Nvidia just fired up H200 production for China again, which means Beijing blinked first in the AI cold war.
The Summary
- Nvidia is restarting H200 chip manufacturing for Chinese customers, CEO Jensen Huang confirmed at a Tuesday press conference, signaling Chinese government approval of purchase orders.
- This reversal comes after months of export controls that turned AI compute into a geopolitical chess piece.
- China choosing to buy from Nvidia instead of betting entirely on domestic alternatives tells you everything about where homegrown Chinese AI chips actually stand.
The Signal
The H200 restart isn't just a sales win for Nvidia. It's a data point on how the AI arms race actually works when theory meets manufacturing reality. The H200 is Nvidia's previous-generation flagship, a step down from the H100 and miles below the newer Blackwell architecture. But it's still leagues ahead of anything China can produce at scale domestically.
Huang's announcement implies Beijing approved these purchase orders, which means someone in the Chinese government did the math.

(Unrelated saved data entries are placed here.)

lemma gap_complement_in_atom:
  assumes "x \<in> gap_complement"
  shows "\<exists>w. length w = n \<and> set w \<subseteq> {1..2} \<and> x \<in> atom f 2 cs w"
  using assms
proof (induction n arbitrary: x)
  case 0
  then show ?case
    by (auto simp: atom_Nil mem_gap_complement)
next
  case (Suc n)
  define G where "G = \<Union> (atom f 2 cs ` {w. set w \<subseteq> {1..2} \<and> length w = Suc n})"
  have "closed G"
    unfolding G_def using closed_atom by (intro closed_Union finite_imageI finite_lists_length_eq) auto
  have inner: "y \<in> G" if y: "y \<in> gap_complement - {0, 1}" for y
  proof -
    have "y \<in> {0<..<1}" "y \<notin> {lo 0<..<hi 0}"
      using y by (auto simp: mem_gap_complement)
    then obtain x where x: "x \<in> {0..1} - {c}" "f x = y"
      by (rule f_onto_outside_first_gap)
    have "x \<notin> {lo k<..<hi k}" for k
      using gap_step[OF x(1), of k] x(2) y by (auto simp: mem_gap_complement)
    then have "x \<in> gap_complement"
      using x(1) by (simp add: mem_gap_complement)
    then obtain w where w: "length w = n" "set w \<subseteq> {1..2}" "x \<in> atom f 2 cs w"
      using Suc.IH by blast
    define i :: nat where "i = (if x < c then 1 else 2)"
    have "x \<in> Xp 2 cs i"
      using x(1) by (auto simp: i_def Xp_def)
    then have "y \<in> f ` (atom f 2 cs w \<inter> Xp 2 cs i)"
      using w(3) x(2) by blast
    then have "y \<in> atom f 2 cs (w @ [i])"
      unfolding atom_snoc by (rule closure_subset[THEN subsetD])
    moreover have "set (w @ [i]) \<subseteq> {1..2}" "length (w @ [i]) = Suc n"
      using w by (auto simp: i_def)
    ultimately show "y \<in> G"
      unfolding G_def by blast
  qed
  \<comment> \<open>\<open>0\<close> and \<open>1\<close> are not in the range of \<open>f\<close>; they are limits of other points of the perfect set.\<close>
  have "x islimpt insert 0 (insert 1 (gap_complement - {0, 1}))"
    by (rule islimpt_subset[OF limpt_gap_complement[OF Suc.prems]]) auto
  then have "x \<in> closure (gap_complement - {0, 1})"
    by (simp add: islimpt_insert closure_def)
  then have "x \<in> G"
    using closure_minimal[OF _ \<open>closed G\<close>] inner by blast
  then show ?case
    unfolding G_def by blast
qed

lemma attractor_eq_gap_complement: "attractor f 2 cs = gap_complement"
proof
  show "attractor f 2 cs \<subseteq> gap_complement"
  proof
    fix x assume x: "x \<in> attractor f 2 cs"
    have in_atom: "\<exists>w. length w = n \<and> x \<in> atom f 2 cs w" if "n \<ge> 1" for n
      using x that unfolding attractor_def atoms_def by blast
    then obtain w where "x \<in> atom f 2 cs w"
      by blast
    then have "x \<in> {0..1}"
      using atom_subset by blast
    moreover have "x \<notin> {lo k<..<hi k}" for k
    proof -
      obtain w where "length w = Suc k" "x \<in> atom f 2 cs w"
        using in_atom[of "Suc k"] by auto
      then show ?thesis
        using atom_avoids_gaps[of k w] by auto
    qed
    ultimately show "x \<in> gap_complement"
      by (simp add: mem_gap_complement)
  qed
  show "gap_complement \<subseteq> attractor f 2 cs"
  proof
    fix x assume x: "x \<in> gap_complement"
    have "x \<in> \<Union> (atoms f 2 cs n)" for n
      using gap_complement_in_atom[OF x, of n] unfolding atoms_def by blast
    then show "x \<in> attractor f 2 cs"
      unfolding attractor_def by blast
  qed
qed

lemma f_affine_on_piece:
  assumes "i \<in> {1..2}" shows "\<exists>\<beta>. \<forall>x\<in>Xp 2 cs i. f x = lam * x + \<beta>"
proof -
  have "i = 1 \<or> i = 2"
    using assms by auto
  then show ?thesis
  proof
    assume "i = 1"
    then show ?thesis
      using f_left by (intro exI[of _ mu]) (simp add: Xp_def)
  next
    assume "i = 2"
    then show ?thesis
      using f_right by (intro exI[of _ "mu - 1"]) (simp add: Xp_def)
  qed
qed

lemma f_tendsto_left: "(f \<longlongrightarrow> 1) (at c within {0..<c})"
proof -
  have "((\<lambda>x. lam * x + mu) \<longlongrightarrow> lam * c + mu) (at c within {0..<c})"
    by (intro tendsto_intros)
  moreover have "(f \<longlongrightarrow> lam * c + mu) (at c within {0..<c}) \<longleftrightarrow>
      ((\<lambda>x. lam * x + mu) \<longlongrightarrow> lam * c + mu) (at c within {0..<c})"
    by (rule Lim_cong_within) (auto simp: f_left)
  ultimately show ?thesis
    using lam_c by simp
qed

lemma f_tendsto_right: "(f \<longlongrightarrow> 0) (at c within {c<..1})"
proof -
  have "((\<lambda>x. lam * x + mu - 1) \<longlongrightarrow> lam * c + mu - 1) (at c within {c<..1})"
    by (intro tendsto_intros)
  moreover have "(f \<longlongrightarrow> lam * c + mu - 1) (at c within {c<..1}) \<longleftrightarrow>
      ((\<lambda>x. lam * x + mu - 1) \<longlongrightarrow> lam * c + mu - 1) (at c within {c<..1})"
    by (rule Lim_cong_within) (auto simp: f_right)
  ultimately show ?thesis
    using lam_c by simp
qed

lemma at_c_left_nontrivial: "at c within {0..<c} \<noteq> bot"
  using c_pos by (simp add: trivial_limit_within)

lemma at_c_right_nontrivial: "at c within {c<..1} \<noteq> bot"
  using c_less_1 by (simp add: trivial_limit_within)

lemma fext_left: "x \<in> {0..c} \<Longrightarrow> fext f 2 cs 1 x = lam * x + mu"
  using tendsto_Lim[OF at_c_left_nontrivial f_tendsto_left] lam_c f_left
  by (cases "x = c") (auto simp: fext_def Xp_def)

lemma fext_right: "x \<in> {c..1} \<Longrightarrow> fext f 2 cs 2 x = lam * x + mu - 1"
  using tendsto_Lim[OF at_c_right_nontrivial f_tendsto_right] lam_c f_right
  by (cases "x = c") (auto simp: fext_def Xp_def)

lemma closure_Xp_1: "closure (Xp 2 cs 1) = {0..c}"
  using c_pos by (simp add: Xp_def)

lemma closure_Xp_2: "closure (Xp 2 cs 2) = {c..1}"
  using c_less_1 by (simp add: Xp_def)

lemma f_discontinuous_at_c: "\<not> continuous (at c within {0..1}) f"
proof
  assume "continuous (at c within {0..1}) f"
  then have lim: "(f \<longlongrightarrow> f c) (at c within {0..1})"
    by (simp add: continuous_within)
  have "{0..<c} \<subseteq> {0..1}" "{c<..1} \<subseteq> {0..1}"
    using c_pos c_less_1 by auto
  then have "f c = 1" "f c = 0"
    using tendsto_unique[OF at_c_left_nontrivial tendsto_within_subset[OF lim] f_tendsto_left]
      tendsto_unique[OF at_c_right_nontrivial tendsto_within_subset[OF lim] f_tendsto_right]
    by blast+
  then show False
    by simp
qed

They looked at SMIC's 7nm process struggles, at the gap between Huawei's Ascend chips and what DeepSeek or ByteDance actually need to compete globally, and decided that buying gimped American chips beats waiting for domestic alternatives that might not arrive in time.
This matters for the agent economy because China isn't sitting out AI development. They're fielding competitive models, they're building applications, and they're racing toward AGI just like everyone else. If they're willing to swallow the geopolitical cost of buying from Nvidia again, it means the compute gap is real and widening. The companies building agents, the ones training foundation models, the infrastructure layer of Web4, they all run on these chips. China paying Nvidia means they couldn't wait.
For Nvidia, this is revenue and leverage. They get to sell older-generation chips at whatever margin the market will bear, while Blackwell and whatever comes next stay stateside. For China, it's a tactical retreat that buys time but doesn't close the gap. And for everyone watching the AI race, it confirms what the hype obscures: chips still matter more than anything else. You can't prompt-engineer your way around bad hardware.
The Implication
Watch how many H200s actually ship and where they end up. If Chinese AI labs suddenly start announcing new model releases six months from now, you'll know the compute arrived. If export controls tighten again in response, this was a brief window. Either way, this tells you that the real bottleneck in AI development isn't ideas or talent, it's silicon. The companies that control chip supply control the pace of the entire agent economy. Plan accordingly.